No one sees the Duwamish manufacturing sector pulling out of the recession soon, no matter what the national economy does. "As long as there's a lot of open space to lease, you've got a time lag before there's new construction," says James of Seaport Steel.
While there are signs that industrial output and consumer spending are improving, "it's going to be probably through this year before anything turns around," he says.
Prices are falling, too, under pressure from slackening demand and foreign imports that have undercut the industry.
A recent decision by the Bush Administration to impose tariffs on steel imports has helped some but has left large swaths of the industry untouched.
The tariff has prompted a flurry of orders, as builders took on a little extra supply for their projects before the tariff forces prices up.
The tariff provides no help for steel pieces that are fabricated — or put into finished form — abroad. Nordahl MetalFab in Puyallup is one of several U.S. fabricators that recently lost a sizable order to supply 4,000 tons of steel to a military hospital at Fort Wainwright in Alaska and another at McCord Air Force Base in Tacoma. Both contracts went to South Korean firms, says Dick Nordahl, the company president.
The Alaskan job was "enough work for 20 men for a year," he says. Fabricators lobbied for protection under the tariff, but were rebuffed. "They saw no evidence of a negative impact. We're seeing a lot of impact."
Nordahl says he's cut his work force to about 6 from 23 during the peak a few years ago.
Birmingham Steel, which makes new steel from scrap, cut its output to 50 percent of capacity last November, during the worst of the downturn. That's climbed to about 75 percent now.
Eddie Lehner, vice president and general manager, cut employment about 5 percent, then reduced hours of its remaining crew by about 25 percent to keep workers on the payroll.
Lehner sees some positive signs on the horizon, including a backlog of projects that will probably get started after employment improves. Government spending is likely to drive the early part of a recovery, as construction starts on Sound Transit's light rail and road building, if voters approve a new gas tax.
But there isn't a critical mass of work, and things aren't likely to pick up for six to nine months, Lehner says.
What's more, he isn't sure the recent gains in industrial output are much more than companies restocking depleted inventories.
"We're not seeing sustained demand, which is what we're going to need to sustain this recovery," Lehner says. "Business investment (in new buildings) is still very weak."
Scrap supplies down
Less construction also means less demolition, which is a key source for scrap metal that feeds the steel mill.

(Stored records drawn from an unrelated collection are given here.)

lemma exp_recursion_step:
  fixes x y C \<epsilon> k :: real and n n\<^sub>1 n\<^sub>2 q :: nat
  assumes "C \<ge> 0" "k \<ge> 0" "\<epsilon> \<ge> 0" "n\<^sub>1 + 1 = n" "n\<^sub>2 + q + 1 \<le> n"
    and "x \<le> C * exp (\<epsilon> * n\<^sub>1)" "y \<le> C * exp (\<epsilon> * n\<^sub>2)"
    and "exp (- \<epsilon>) + k * exp (- \<epsilon> * q) \<le> 1"
  shows "x + k * y \<le> C * exp (\<epsilon> * n)"
proof -
  have "exp (\<epsilon> * n\<^sub>2) \<le> exp (\<epsilon> * n) * exp (- \<epsilon> * q)"
    unfolding exp_add[symmetric] using assms(3,5) by (simp add: mult_left_mono flip: right_diff_distrib)
  then have "y \<le> C * (exp (\<epsilon> * n) * exp (- \<epsilon> * q))"
    using assms(1,7) mult_left_mono order_trans by blast
  moreover have "exp (\<epsilon> * n\<^sub>1) = exp (\<epsilon> * n) * exp (- \<epsilon>)"
    unfolding exp_add[symmetric] using assms(4) by (auto simp: algebra_simps)
  ultimately have "x + k * y \<le> C * exp (\<epsilon> * n) * exp (- \<epsilon>) + k * (C * (exp (\<epsilon> * n) * exp (- \<epsilon> * q)))"
    using assms(2,6) by (intro add_mono mult_left_mono) auto
  also have "\<dots> = C * exp (\<epsilon> * n) * (exp (- \<epsilon>) + k * exp (- \<epsilon> * q))"
    by (simp add: algebra_simps)
  also have "\<dots> \<le> C * exp (\<epsilon> * n)"
    using assms(1,8) by (simp add: mult_left_le)
  finally show ?thesis .
qed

It's a big reversal from the good times. And foreign competition is being felt. After the 1997 Asian financial crisis, South Korea and other countries started selling more steel in the U.S. market, says Bloch President Joel Richards. It hurts a lot more now that Washington is in a recession. "Our economy was so strong that even with them dumping it didn't really affect us until last year," Richards says.
So businesses are surviving by cutting costs and finding market niches.
Bloch Steel has installed computerized cutting tables that can trim huge sheets of metal as much as 12 inches thick into jigsaw pieces. Typically, these custom cuts are used as base plates and connectors on everything from plumbing and ventilation systems to huge structural beams that hold up buildings.
Today, artists and wealthy folks come to Bloch for custom-cut steel for art projects or their homes. They haul it away in Range Rovers.
"We accept small orders," says Bloch.